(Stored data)
BEGIN

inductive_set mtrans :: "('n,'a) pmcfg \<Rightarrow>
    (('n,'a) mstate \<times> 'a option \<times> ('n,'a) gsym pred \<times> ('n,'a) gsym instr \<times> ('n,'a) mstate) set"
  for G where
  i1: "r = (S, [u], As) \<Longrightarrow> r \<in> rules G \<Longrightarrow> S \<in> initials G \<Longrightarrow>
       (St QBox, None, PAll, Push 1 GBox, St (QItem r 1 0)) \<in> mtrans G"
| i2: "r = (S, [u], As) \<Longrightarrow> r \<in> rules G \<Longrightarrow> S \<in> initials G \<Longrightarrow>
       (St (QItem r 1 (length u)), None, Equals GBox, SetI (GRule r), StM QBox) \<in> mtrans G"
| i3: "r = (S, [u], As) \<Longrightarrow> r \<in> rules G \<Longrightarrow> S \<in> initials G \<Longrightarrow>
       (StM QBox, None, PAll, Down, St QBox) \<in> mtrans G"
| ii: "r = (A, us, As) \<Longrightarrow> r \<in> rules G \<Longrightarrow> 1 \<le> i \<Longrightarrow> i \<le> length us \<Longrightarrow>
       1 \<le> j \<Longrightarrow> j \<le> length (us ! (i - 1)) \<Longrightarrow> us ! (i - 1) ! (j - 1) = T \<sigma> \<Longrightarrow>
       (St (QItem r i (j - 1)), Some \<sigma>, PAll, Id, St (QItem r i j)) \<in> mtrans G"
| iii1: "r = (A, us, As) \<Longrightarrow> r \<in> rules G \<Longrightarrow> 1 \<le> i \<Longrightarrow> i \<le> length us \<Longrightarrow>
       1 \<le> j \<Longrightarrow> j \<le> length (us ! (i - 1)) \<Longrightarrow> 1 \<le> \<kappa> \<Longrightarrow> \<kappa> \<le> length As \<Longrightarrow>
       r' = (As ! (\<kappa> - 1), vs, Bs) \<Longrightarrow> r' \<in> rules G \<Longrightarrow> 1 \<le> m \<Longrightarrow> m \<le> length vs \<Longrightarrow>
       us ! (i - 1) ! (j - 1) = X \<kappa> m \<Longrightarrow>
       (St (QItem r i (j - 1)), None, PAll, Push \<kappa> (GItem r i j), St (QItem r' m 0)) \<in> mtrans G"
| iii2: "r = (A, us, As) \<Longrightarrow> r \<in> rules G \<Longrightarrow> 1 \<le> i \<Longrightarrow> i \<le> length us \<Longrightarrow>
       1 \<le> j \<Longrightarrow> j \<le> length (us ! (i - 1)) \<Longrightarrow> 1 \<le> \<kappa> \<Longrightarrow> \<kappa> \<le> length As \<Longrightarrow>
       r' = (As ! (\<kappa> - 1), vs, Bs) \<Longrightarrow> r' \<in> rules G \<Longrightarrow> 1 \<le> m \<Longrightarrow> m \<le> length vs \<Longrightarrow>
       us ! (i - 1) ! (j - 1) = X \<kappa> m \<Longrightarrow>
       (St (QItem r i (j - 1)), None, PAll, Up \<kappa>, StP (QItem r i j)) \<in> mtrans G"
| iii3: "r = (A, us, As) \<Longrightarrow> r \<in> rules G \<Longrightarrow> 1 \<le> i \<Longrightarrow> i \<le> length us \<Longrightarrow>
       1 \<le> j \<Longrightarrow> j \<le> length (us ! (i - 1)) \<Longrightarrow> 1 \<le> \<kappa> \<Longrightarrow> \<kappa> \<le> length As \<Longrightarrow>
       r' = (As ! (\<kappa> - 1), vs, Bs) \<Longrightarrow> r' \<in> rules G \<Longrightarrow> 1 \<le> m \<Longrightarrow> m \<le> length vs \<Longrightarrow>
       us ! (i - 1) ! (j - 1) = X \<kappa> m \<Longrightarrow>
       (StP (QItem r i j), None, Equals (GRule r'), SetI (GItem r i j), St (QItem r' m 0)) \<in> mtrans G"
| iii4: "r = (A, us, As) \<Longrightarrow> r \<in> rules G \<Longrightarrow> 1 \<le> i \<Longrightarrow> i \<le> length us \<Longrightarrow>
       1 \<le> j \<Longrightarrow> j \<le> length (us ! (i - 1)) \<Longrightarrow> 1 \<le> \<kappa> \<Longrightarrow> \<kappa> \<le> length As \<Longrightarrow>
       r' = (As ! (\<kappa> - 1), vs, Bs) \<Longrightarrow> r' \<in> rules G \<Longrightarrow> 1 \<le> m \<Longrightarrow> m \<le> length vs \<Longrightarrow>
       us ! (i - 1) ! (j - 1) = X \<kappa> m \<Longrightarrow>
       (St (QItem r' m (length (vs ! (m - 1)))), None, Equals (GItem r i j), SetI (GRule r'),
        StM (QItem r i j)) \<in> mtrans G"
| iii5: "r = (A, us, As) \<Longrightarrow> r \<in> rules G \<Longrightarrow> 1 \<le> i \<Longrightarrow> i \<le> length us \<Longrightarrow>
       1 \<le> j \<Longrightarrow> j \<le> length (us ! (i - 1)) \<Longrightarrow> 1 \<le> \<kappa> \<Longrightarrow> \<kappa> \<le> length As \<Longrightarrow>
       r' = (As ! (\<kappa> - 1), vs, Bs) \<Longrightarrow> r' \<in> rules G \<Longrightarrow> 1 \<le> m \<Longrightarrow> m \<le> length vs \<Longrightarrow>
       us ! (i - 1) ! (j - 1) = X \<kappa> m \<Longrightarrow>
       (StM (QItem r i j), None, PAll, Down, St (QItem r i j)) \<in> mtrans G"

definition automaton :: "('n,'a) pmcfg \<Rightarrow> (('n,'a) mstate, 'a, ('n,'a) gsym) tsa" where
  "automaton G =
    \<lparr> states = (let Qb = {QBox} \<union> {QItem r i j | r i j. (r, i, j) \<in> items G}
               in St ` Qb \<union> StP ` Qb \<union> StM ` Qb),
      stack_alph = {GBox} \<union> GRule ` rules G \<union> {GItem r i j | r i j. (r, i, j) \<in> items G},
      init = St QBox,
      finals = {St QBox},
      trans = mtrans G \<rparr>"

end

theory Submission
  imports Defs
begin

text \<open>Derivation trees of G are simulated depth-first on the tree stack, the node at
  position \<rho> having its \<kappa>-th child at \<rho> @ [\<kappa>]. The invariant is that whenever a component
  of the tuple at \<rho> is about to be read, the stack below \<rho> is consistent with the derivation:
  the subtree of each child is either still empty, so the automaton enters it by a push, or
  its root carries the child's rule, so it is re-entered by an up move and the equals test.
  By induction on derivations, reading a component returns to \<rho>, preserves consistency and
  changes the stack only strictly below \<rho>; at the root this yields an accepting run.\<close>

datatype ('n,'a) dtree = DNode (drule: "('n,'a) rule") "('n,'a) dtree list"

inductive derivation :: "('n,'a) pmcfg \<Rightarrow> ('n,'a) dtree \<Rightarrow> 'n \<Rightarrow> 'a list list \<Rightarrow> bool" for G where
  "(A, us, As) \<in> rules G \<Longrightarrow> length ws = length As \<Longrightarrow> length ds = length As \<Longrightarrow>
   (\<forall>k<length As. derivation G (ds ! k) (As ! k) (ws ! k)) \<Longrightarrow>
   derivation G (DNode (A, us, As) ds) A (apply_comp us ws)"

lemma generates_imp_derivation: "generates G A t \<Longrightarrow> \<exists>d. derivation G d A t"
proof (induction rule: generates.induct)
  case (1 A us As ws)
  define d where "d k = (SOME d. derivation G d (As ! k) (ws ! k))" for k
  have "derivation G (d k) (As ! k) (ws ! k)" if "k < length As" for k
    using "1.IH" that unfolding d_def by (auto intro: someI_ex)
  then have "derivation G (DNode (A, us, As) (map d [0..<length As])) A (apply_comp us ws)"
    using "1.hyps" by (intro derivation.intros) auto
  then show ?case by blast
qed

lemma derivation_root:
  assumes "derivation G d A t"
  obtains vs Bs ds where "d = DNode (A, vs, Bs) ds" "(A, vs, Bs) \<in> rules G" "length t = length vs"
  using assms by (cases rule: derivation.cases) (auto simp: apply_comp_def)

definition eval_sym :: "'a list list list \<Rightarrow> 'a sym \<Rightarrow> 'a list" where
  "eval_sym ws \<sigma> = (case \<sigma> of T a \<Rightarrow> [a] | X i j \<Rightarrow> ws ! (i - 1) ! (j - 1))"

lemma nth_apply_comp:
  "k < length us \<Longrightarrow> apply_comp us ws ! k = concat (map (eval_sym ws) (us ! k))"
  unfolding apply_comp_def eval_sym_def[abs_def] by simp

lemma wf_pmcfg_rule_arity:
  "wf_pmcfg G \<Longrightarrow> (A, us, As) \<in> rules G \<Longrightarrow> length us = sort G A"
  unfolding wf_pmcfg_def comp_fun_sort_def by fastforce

END

### Required work
Using the entries above, repeat only the lines from the one containing "(('n,'a) mstate \<times>" through the one containing "(St (QItem r i (j - 1)), Some", end lines included.

### Answer to the problem
    (('n,'a) mstate \<times> 'a option \<times> ('n,'a) gsym pred \<times> ('n,'a) gsym instr \<times> ('n,'a) mstate) set"
  for G where
  i1: "r = (S, [u], As) \<Longrightarrow> r \<in> rules G \<Longrightarrow> S \<in> initials G \<Longrightarrow>
       (St QBox, None, PAll, Push 1 GBox, St (QItem r 1 0)) \<in> mtrans G"
| i2: "r = (S, [u], As) \<Longrightarrow> r \<in> rules G \<Longrightarrow> S \<in> initials G \<Longrightarrow>
       (St (QItem r 1 (length u)), None, Equals GBox, SetI (GRule r), StM QBox) \<in> mtrans G"
| i3: "r = (S, [u], As) \<Longrightarrow> r \<in> rules G \<Longrightarrow> S \<in> initials G \<Longrightarrow>
       (StM QBox, None, PAll, Down, St QBox) \<in> mtrans G"
| ii: "r = (A, us, As) \<Longrightarrow> r \<in> rules G \<Longrightarrow> 1 \<le> i \<Longrightarrow> i \<le> length us \<Longrightarrow>
       1 \<le> j \<Longrightarrow> j \<le> length (us ! (i - 1)) \<Longrightarrow> us ! (i - 1) ! (j - 1) = T \<sigma> \<Longrightarrow>
       (St (QItem r i (j - 1)), Some \<sigma>, PAll, Id, St (QItem r i j)) \<in> mtrans G"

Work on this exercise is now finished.